Monday, February 27, 2012

Chicken and Red Pepper Stir Fry

Have done several auditions, and several coming up, I close my show this weekend and my mom and Harmony are visiting this weekend!!! I am too busy for words. But as much as I bitch and stress about it. I like it. Let's be honest. I like my job, I like having a show, I like keeping busy. But I don't have time for most things. For example I haven't had time to properly write this down. I've had this recipe for a while now. It's simple, easy, and I honestly thought  I didn't like stir-fry but this was so good!


Ingredients

-1 sweet red pepper
-2 tablespoons chicken stock or 2 tablespoons water
-1 tablespoon soy sauce
-1 teaspoon granulated sugar
-1 teaspoon cornstarch
-½ teaspoon sesame oil
-1 dash hot pepper sauce
-2 tablespoons olive oil
-2 teaspoons minced gingerroot
1 garlic clove , minced

Directions:
1. Cut chicken into thin 2 inch (5 cm) long strips; set aside; cut red pepper into strips; set aside; using vegetable peeler remove thin orange rind and cut into julienne strips; set aside.

2. Squeeze orange and reserve 1/4 cup (50 ml) juice in small bowl; stir in chicken stock, soy sauce, sugar, cornstarch, sesame oil, pepper flakes and hot pepper sauce; set aside.
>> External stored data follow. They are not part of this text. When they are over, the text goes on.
lemma diameter_UN_chain_le:
  fixes S :: "nat \<Rightarrow> 'a::metric_space set"
  assumes "\<And>l. l \<in> {p..<q} \<Longrightarrow> bounded (S l)"
    and "\<And>l. p \<le> l \<Longrightarrow> Suc l < q \<Longrightarrow> S l \<inter> S (Suc l) \<noteq> {}"
  shows "diameter (\<Union>l\<in>{p..<q}. S l) \<le> (\<Sum>l\<in>{p..<q}. diameter (S l))"
  using assms
proof (induction q)
  case 0
  then show ?case by simp
next
  case (Suc q)
  show ?case
  proof (cases "p < q")
    case False
    then show ?thesis by (auto simp: atLeastLessThanSuc)
  next
    case True
    then obtain q' where q: "q = Suc q'" using not0_implies_Suc by fastforce
    let ?U = "\<Union>l\<in>{p..<q}. S l"
    have U: "diameter ?U \<le> (\<Sum>l\<in>{p..<q}. diameter (S l))"
      using Suc.prems by (intro Suc.IH) auto
    obtain z where z: "z \<in> S q'" "z \<in> S q" using Suc.prems(2)[of q'] True q by auto
    have "z \<in> ?U" using z(1) True q by (intro UN_I[of q']) auto
    then have meet: "?U \<inter> S q \<noteq> {}" using z(2) by blast
    have "bounded ?U" using Suc.prems(1) by (intro bounded_UN) auto
    then have "diameter (?U \<union> S q) \<le> diameter ?U + diameter (S q)"
      using Suc.prems(1) meet by (intro diameter_Un_le) auto
    moreover have "(\<Union>l\<in>{p..<Suc q}. S l) = ?U \<union> S q"
      using True by (auto simp: atLeastLessThanSuc)
    ultimately show ?thesis using U True by (simp add: atLeastLessThanSuc)
  qed
qed

lemma connected_UN_chain:
  assumes "\<And>l. l \<in> {p..<q} \<Longrightarrow> connected (S l)"
    and "\<And>l. p \<le> l \<Longrightarrow> Suc l < q \<Longrightarrow> S l \<inter> S (Suc l) \<noteq> {}"
  shows "connected (\<Union>l\<in>{p..<q}. S l)"
  using assms
proof (induction q)
  case 0
  then show ?case by simp
next
  case (Suc q)
  show ?case
  proof (cases "p < q")
    case False
    then show ?thesis using Suc.prems(1) by (auto simp: atLeastLessThanSuc)
  next
    case True
    then obtain q' where q: "q = Suc q'" using not0_implies_Suc by fastforce
    obtain z where z: "z \<in> S q'" "z \<in> S q" using Suc.prems(2)[of q'] True q by auto
    have "z \<in> (\<Union>l\<in>{p..<q}. S l)" using z(1) True q by (intro UN_I[of q']) auto
    then have "(\<Union>l\<in>{p..<q}. S l) \<inter> S q \<noteq> {}" using z(2) by blast
    moreover have "(\<Union>l\<in>{p..<Suc q}. S l) = (\<Union>l\<in>{p..<q}. S l) \<union> S q"
      using True by (auto simp: atLeastLessThanSuc)
    ultimately show ?thesis using Suc by (auto intro!: connected_Un)
  qed
qed

lemma diameter_connected_subset_Un_closed:
  fixes K A B :: "'a::metric_space set"
  assumes "connected K" "closed A" "closed B" "bounded A" "bounded B" "K \<subseteq> A \<union> B"
  shows "diameter K \<le> diameter A + diameter B"
proof -
  have A0: "0 \<le> diameter A" and B0: "0 \<le> diameter B"
    using assms(4,5) by (simp_all add: diameter_ge_0)
  consider "K \<subseteq> A" | "K \<subseteq> B" | "A \<inter> B \<inter> K \<noteq> {}"
  proof (cases "A \<inter> B \<inter> K = {}")
    case True
    then have "A \<inter> K = {} \<or> B \<inter> K = {}"
      using assms(1,2,3,6) unfolding connected_closed by blast
    then show ?thesis using assms(6) that by blast
  qed blast
  then show ?thesis
  proof cases
    case 1
    then show ?thesis using diameter_subset[OF 1 assms(4)] B0 by linarith
  next
    case 2
    then show ?thesis using diameter_subset[OF 2 assms(5)] A0 by linarith
  next
    case 3
    then have "diameter K \<le> diameter (A \<union> B)"
      using assms by (intro diameter_subset) auto
    also have "\<dots> \<le> diameter A + diameter B"
      using 3 assms by (intro diameter_Un_le) auto
    finally show ?thesis .
  qed
qed

subsection \<open>Intervals of the real line\<close>

lemma lies_between_touching:
  assumes "{a1..b1} \<inter> {a2..b2} \<noteq> {}" "c \<le> d" "lies_between {c..d} a1 b1 a2 b2"
  shows "c = d"
  using assms unfolding lies_between_def by auto

lemma lies_between_subset_connected:
  fixes W :: "real set"
  assumes "connected W" "x \<in> W" "x \<in> {a1..b1}" "y \<in> W" "y \<in> {a2..b2}"
    and "lies_between K a1 b1 a2 b2"
  shows "K \<subseteq> W"
proof
  fix z assume "z \<in> K"
  then have "x \<le> z \<and> z \<le> y \<or> y \<le> z \<and> z \<le> x"
    using assms(3,5,6) unfolding lies_between_def by auto
  then show "z \<in> W" using assms(1,2,4) unfolding connected_iff_interval by blast
qed

lemma one_of_three_disjoint_intervals_misses:
  fixes c d :: "nat \<Rightarrow> real"
  assumes not_inside: "\<And>m. m < 3 \<Longrightarrow> \<not> {c m..d m} \<subseteq> {\<alpha>..\<beta>}"
    and disjoint: "\<And>m m'. m < 3 \<Longrightarrow> m' < 3 \<Longrightarrow> m \<noteq> m' \<Longrightarrow> {c m..d m} \<inter> {c m'..d m'} = {}"
  shows "\<exists>m<3. {c m..d m} \<inter> {\<alpha>..\<beta>} = {}"
proof (rule ccontr)
  assume "\<not> ?thesis"
  then have "\<alpha> \<in> {c m..d m} \<or> \<beta> \<in> {c m..d m}" if "m < 3" for m
    using not_inside[OF that] that by fastforce
  then have "\<alpha> \<in> {c 0..d 0} \<or> \<beta> \<in> {c 0..d 0}" "\<alpha> \<in> {c 1..d 1} \<or> \<beta> \<in> {c 1..d 1}"
    "\<alpha> \<in> {c 2..d 2} \<or> \<beta> \<in> {c 2..d 2}"
    by simp_all
  moreover have "{c 0..d 0} \<inter> {c 1..d 1} = {}" "{c 0..d 0} \<inter> {c 2..d 2} = {}"
    "{c 1..d 1} \<inter> {c 2..d 2} = {}"
    by (rule disjoint; simp)+
  ultimately show False by (metis IntI empty_iff)
qed
lemma disc_coeff_sine_poly:
  assumes "1 \<le> j" "j \<le> M - 1"
  shows "disc_coeff M (\<lambda>y. \<Sum>k=1..M-1. c k * ebasis k y) j = c j"
proof -
  have "(\<Sum>l=1..M-1. (\<Sum>k=1..M-1. c k * ebasis k (real l / real M)) * ebasis j (real l / real M))
      = (\<Sum>l=1..M-1. \<Sum>k=1..M-1. c k * (ebasis k (real l / real M) * ebasis j (real l / real M)))"
    by (simp add: sum_distrib_right mult.assoc)
  also have "\<dots> = (\<Sum>k=1..M-1. c k * (\<Sum>l=1..M-1. ebasis k (real l / real M) * ebasis j (real l / real M)))"
    by (subst sum.swap) (simp add: sum_distrib_left)
  also have "\<dots> = (\<Sum>k=1..M-1. c k * (if k = j then real M else 0))"
    by (intro sum.cong refl) (use ebasis_discrete_orthogonal assms in auto)
  also have "\<dots> = c j * real M" using assms by (simp add: if_distrib cong: if_cong)
  finally show ?thesis unfolding disc_coeff_def using assms by simp
qed

lemma disc_coeff_parseval:
  assumes "M \<ge> 1"
  shows "(\<Sum>k=1..M-1. (disc_coeff M f k)\<^sup>2) = (1 / real M) * (\<Sum>l=1..M-1. (f (real l / real M))\<^sup>2)"
proof -
  define fl where "fl l = f (real l / real M)" for l
  define E where "E l l' = (\<Sum>k=1..M-1. ebasis l (real k / real M) * ebasis l' (real k / real M))" for l l'
  have "(\<Sum>k=1..M-1. (\<Sum>l=1..M-1. fl l * ebasis k (real l / real M))\<^sup>2)
     = (\<Sum>k=1..M-1. \<Sum>l=1..M-1. \<Sum>l'=1..M-1. fl l * fl l' * (ebasis l (real k / real M) * ebasis l' (real k / real M)))"
    by (simp add: power2_eq_square sum_product ebasis_swap algebra_simps)
  also have "\<dots> = (\<Sum>l=1..M-1. \<Sum>l'=1..M-1. fl l * fl l' * E l l')"
    unfolding E_def sum_distrib_left by (subst sum.swap) (intro sum.cong refl sum.swap)
  also have "\<dots> = (\<Sum>l=1..M-1. \<Sum>l'=1..M-1. fl l * fl l' * (if l = l' then real M else 0))"
  proof (intro sum.cong refl)
    fix l l' assume "l \<in> {1..M-1}" "l' \<in> {1..M-1}"
    then show "fl l * fl l' * E l l' = fl l * fl l' * (if l = l' then real M else 0)"
      using ebasis_discrete_orthogonal[of l M l'] by (simp add: E_def)
  qed
  also have "\<dots> = real M * (\<Sum>l=1..M-1. (fl l)\<^sup>2)"
    by (simp add: if_distrib power2_eq_square sum_distrib_left algebra_simps cong: if_cong)
  finally have e: "(\<Sum>k=1..M-1. (\<Sum>l=1..M-1. fl l * ebasis k (real l / real M))\<^sup>2) = real M * (\<Sum>l=1..M-1. (fl l)\<^sup>2)" .
  have "(disc_coeff M f k)\<^sup>2 = (1 / real M)^2 * (\<Sum>l=1..M-1. fl l * ebasis k (real l / real M))\<^sup>2" for k
    unfolding disc_coeff_def fl_def by (rule power_mult_distrib)
  then have "(\<Sum>k=1..M-1. (disc_coeff M f k)\<^sup>2) = (1 / real M)^2 * (real M * (\<Sum>l=1..M-1. (fl l)\<^sup>2))"
    by (simp only: sum_distrib_left[symmetric] e)
  then show ?thesis unfolding fl_def using assms by (simp add: power2_eq_square)
qed

lemma has_integral_cos_pi_mult:
  "((\<lambda>y. cos (pi * real n * y)) has_integral (if n = 0 then 1 else 0)) {0..1}"
proof (cases "n = 0")
  case True
  then show ?thesis using has_integral_const_real[of "1::real" 0 1] by simp
next
  case False
  have "((\<lambda>y. cos (pi * real n * y)) has_integral (sin (pi * real n * 1) / (pi * real n) - sin (pi * real n * 0) / (pi * real n))) {0..1}"
  proof (rule fundamental_theorem_of_calculus)
    fix x :: real
    have "((\<lambda>y. sin (pi * real n * y) / (pi * real n)) has_real_derivative (cos (pi * real n * x) * (pi * real n) / (pi * real n))) (at x within {0..1})"
      by (auto intro!: derivative_eq_intros)
    then show "((\<lambda>y. sin (pi * real n * y) / (pi * real n)) has_vector_derivative cos (pi * real n * x)) (at x within {0..1})"
      using False by (simp add: has_real_derivative_iff_has_vector_derivative)
  qed simp
  then show ?thesis using False by simp
qed

lemma has_integral_ebasis_mult:
  assumes "1 \<le> k" "1 \<le> j"
  shows "((\<lambda>y. ebasis k y * ebasis j y) has_integral (if k = j then 1 else 0)) {0..1}"
proof -
  define d where "d = nat \<bar>int k - int j\<bar>"
  have "((\<lambda>y. cos (pi * real d * y) - cos (pi * real (k + j) * y)) has_integral
      ((if d = 0 then 1 else 0) - (if k + j = 0 then 1 else 0))) {0..1}"
    by (intro has_integral_diff has_integral_cos_pi_mult)
  moreover have "d = 0 \<longleftrightarrow> k = j" by (auto simp: d_def)
  ultimately show ?thesis using assms unfolding ebasis_mult cos_pi_mult_diff_nat d_def by simp
qed

lemma has_integral_sine_poly_sq:
  assumes "finite A" "\<And>k. k \<in> A \<Longrightarrow> 1 \<le> k"
  shows "((\<lambda>y. (\<Sum>k\<in>A. c k * ebasis k y)\<^sup>2) has_integral (\<Sum>k\<in>A. (c k)\<^sup>2)) {0..1}"
proof -
  have e: "(\<Sum>k\<in>A. c k * ebasis k y)\<^sup>2 = (\<Sum>k\<in>A. \<Sum>j\<in>A. c k * c j * (ebasis k y * ebasis j y))" for y
    by (simp add: power2_eq_square sum_product algebra_simps)
  have "((\<lambda>y. \<Sum>k\<in>A. \<Sum>j\<in>A. c k * c j * (ebasis k y * ebasis j y)) has_integral
        (\<Sum>k\<in>A. \<Sum>j\<in>A. c k * c j * (if k = j then 1 else 0))) {0..1}"
    using assms by (intro has_integral_sum has_integral_mult_right has_integral_ebasis_mult) auto
  moreover have "(\<Sum>k\<in>A. \<Sum>j\<in>A. c k * c j * (if k = j then 1 else 0)) = (\<Sum>k\<in>A. (c k)\<^sup>2)"
    using assms(1) by (simp add: if_distrib power2_eq_square cong: if_cong)
  ultimately show ?thesis unfolding e by simp
qed

section \<open>The Fejer mean of the discrete coefficients\<close>

definition fejer_mean :: "nat \<Rightarrow> (real \<Rightarrow> real) \<Rightarrow> real \<Rightarrow> real" where
  "fejer_mean M H y = (\<Sum>k=1..M-1. (1 - real k / real M) * disc_coeff M H k * ebasis k y)"

lemma sum_cos_nodes_shifted:
  assumes "M \<ge> 1" "1 \<le> k" "k \<le> M - 1"
  shows "(\<Sum>l=1..M-1. cos (real k * (pi * (y - real l / real M))) + cos (real k * (pi * (y + real l / real M))))
      + cos (real k * (pi * y)) + cos (real k * (pi * (y - 1))) = 0"
proof -
  define a where "a = real k * (pi * y)"
  define S where "S = (\<Sum>l=1..M-1. cos (real l * (pi * real k / real M)))"
  have "cos (real k * (pi * (y - real l / real M))) + cos (real k * (pi * (y + real l / real M)))
      = 2 * cos a * cos (real l * (pi * real k / real M))" for l
  proof -
    have "real k * (pi * (y - real l / real M)) = a - real l * (pi * real k / real M)"
         "real k * (pi * (y + real l / real M)) = a + real l * (pi * real k / real M)"
      by (simp_all add: a_def algebra_simps)
    then show ?thesis by (simp add: cos_add cos_diff)
  qed
  then have "(\<Sum>l=1..M-1. cos (real k * (pi * (y - real l / real M))) + cos (real k * (pi * (y + real l / real M))))
     = 2 * cos a * S"
    by (simp add: S_def sum_distrib_left)
  moreover have "real k * (pi * (y - 1)) = a - real k * pi" by (simp add: a_def algebra_simps)
  then have "cos (real k * (pi * (y - 1))) = cos a * (-1)^k" by (simp add: cos_diff)
  moreover have "S = - (1 + (-1)^k) / 2"
    using sum_cos_nodes[OF assms(1), of k] assms unfolding S_def by auto
  ultimately show ?thesis by (simp add: a_def field_simps)
qed

lemma sum_fejer_kernel_nodes:
  assumes "M \<ge> 1"
  shows "(\<Sum>l=1..M-1. fejer_kernel M (pi * (y - real l / real M)) + fejer_kernel M (pi * (y + real l / real M)))
         + fejer_kernel M (pi * y) + fejer_kernel M (pi * (y - 1)) = 2 * real M"
proof -
  define w where "w k = 1 - real k / real M" for k
  define C where "C t = (\<Sum>k=1..M-1. w k * cos (real k * t))" for t
  have F: "fejer_kernel M t = 1 + 2 * C t" for t unfolding fejer_kernel_def C_def w_def ..
  have "(\<Sum>l=1..M-1. C (pi * (y - real l / real M)) + C (pi * (y + real l / real M))) + C (pi * y) + C (pi * (y - 1))
     = (\<Sum>k=1..M-1. w k * ((\<Sum>l=1..M-1. cos (real k * (pi * (y - real l / real M))) + cos (real k * (pi * (y + real l / real M))))
      + cos (real k * (pi * y)) + cos (real k * (pi * (y - 1)))))"
  proof -
    have "(\<Sum>l=1..M-1. C (pi * (y - real l / real M)) + C (pi * (y + real l / real M)))
       = (\<Sum>l=1..M-1. \<Sum>k=1..M-1. w k * (cos (real k * (pi * (y - real l / real M))) + cos (real k * (pi * (y + real l / real M)))))"
      unfolding C_def by (simp add: sum.distrib[symmetric] algebra_simps)
    also have "\<dots> = (\<Sum>k=1..M-1. \<Sum>l=1..M-1. w k * (cos (real k * (pi * (y - real l / real M))) + cos (real k * (pi * (y + real l / real M)))))"
      by (rule sum.swap)
    finally show ?thesis unfolding C_def by (simp add: sum.distrib[symmetric] sum_distrib_left algebra_simps)
  qed
  also have "\<dots> = 0" using sum_cos_nodes_shifted[OF assms] by simp
  finally have C_sum: "(\<Sum>l=1..M-1. C (pi * (y - real l / real M)) + C (pi * (y + real l / real M))) + C (pi * y) + C (pi * (y - 1)) = 0" .
  have "(\<Sum>l=1..M-1. fejer_kernel M (pi * (y - real l / real M)) + fejer_kernel M (pi * (y + real l / real M)))
         + fejer_kernel M (pi * y) + fejer_kernel M (pi * (y - 1)) = 2 * real (M - 1) + 2 +
       2 * ((\<Sum>l=1..M-1. C (pi * (y - real l / real M)) + C (pi * (y + real l / real M))) + C (pi * y) + C (pi * (y - 1)))"
    unfolding F by (simp add: sum.distrib sum_distrib_left algebra_simps)
  then show ?thesis unfolding C_sum using assms by (simp add: of_nat_diff)
qed

lemma sum_fejer_kernel_nodes_le:
  assumes "M \<ge> 1"
  shows "(\<Sum>l=1..M-1. fejer_kernel M (pi * (y - real l / real M))) \<le> 2 * real M"
proof -
  have "(\<Sum>l=1..M-1. fejer_kernel M (pi * (y - real l / real M)))
      \<le> (\<Sum>l=1..M-1. fejer_kernel M (pi * (y - real l / real M)) + fejer_kernel M (pi * (y + real l / real M)))"
    by (intro sum_mono) (simp add: fejer_kernel_nonneg[OF assms])
  then show ?thesis using sum_fejer_kernel_nodes[OF assms, of y] fejer_kernel_nonneg[OF assms] by smt
qed

lemma ebasis_mult_points:
  "ebasis k z * ebasis k y = cos (real k * (pi * (y - z))) - cos (real k * (pi * (y + z)))"
proof -
  have "ebasis k z * ebasis k y = 2 * (sin (pi * real k * y) * sin (pi * real k * z))"
    unfolding ebasis_def by (simp add: algebra_simps)
  also have "\<dots> = cos (pi * real k * y - pi * real k * z) - cos (pi * real k * y + pi * real k * z)"
    unfolding cos_add cos_diff by simp
  finally show ?thesis by (simp add: algebra_simps)
qed

lemma fejer_mean_eq_kernel_sum:
  shows "fejer_mean M H y = (1 / (2 * real M)) * (\<Sum>l=1..M-1. H (real l / real M) *
            (fejer_kernel M (pi * (y - real l / real M)) - fejer_kernel M (pi * (y + real l / real M))))"
proof -
  have kernel: "(\<Sum>k=1..M-1. (1 - real k / real M) * (ebasis k z * ebasis k y))
      = (fejer_kernel M (pi * (y - z)) - fejer_kernel M (pi * (y + z))) / 2" for z
    unfolding ebasis_mult_points right_diff_distrib sum_subtractf fejer_kernel_def by simp
  have "fejer_mean M H y = (\<Sum>k=1..M-1. \<Sum>l=1..M-1. (1 / real M) * H (real l / real M) *
      ((1 - real k / real M) * (ebasis k (real l / real M) * ebasis k y)))"
    unfolding fejer_mean_def disc_coeff_def sum_distrib_left sum_distrib_right
    by (intro sum.cong refl) (simp add: field_simps)
  also have "\<dots> = (\<Sum>l=1..M-1. (1 / real M) * H (real l / real M) *
      ((fejer_kernel M (pi * (y - real l / real M)) - fejer_kernel M (pi * (y + real l / real M))) / 2))"
    by (subst sum.swap) (simp only: sum_distrib_left[symmetric] kernel)
  also have "\<dots> = (1 / (2 * real M)) * (\<Sum>l=1..M-1. H (real l / real M) *
      (fejer_kernel M (pi * (y - real l / real M)) - fejer_kernel M (pi * (y + real l / real M))))"
    unfolding sum_distrib_left by (intro sum.cong refl) (simp add: field_simps)
  finally show ?thesis .
qed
3. In wok or large skillet, heat 1 tbsp oil over high heat; stir fry chicken until no longer pink inside, 3 or 4 minutes; remove chicken and set aside

4. Heat remaining oil in the wok or pan; stir fry gingerroot and garlic for 10 seconds;

5. Add orange rind and red pepper, stir fry for 1 minute or until tender crisp; stir in soy sauce mixture; cook, stirring, until thickened.

6. Return chicken to wok and stir until heated through.


Notes: 
- This was really good! I used Lettuce to wrap it up. It was like a Stir-fry Taco. 
- Next time I wanna try this with a few more things. Maybe broccoli or carrots. Maybe fish instead of chicken. 

Enjoy! 

Wednesday, February 22, 2012

Mac and Cheese with Cauliflower and Leeks

In this edition of "How to make weird things into familiar things" I'm going to be using Cauliflower and Leeks. I made a Cauliflower Soup awhile back ago that I couldn't really stand. What a waste. But I still really like cauliflower. So I decided to try out a Mac and Cheese recipe. I found this one that looked too good to be true! And I had everything except the leeks! 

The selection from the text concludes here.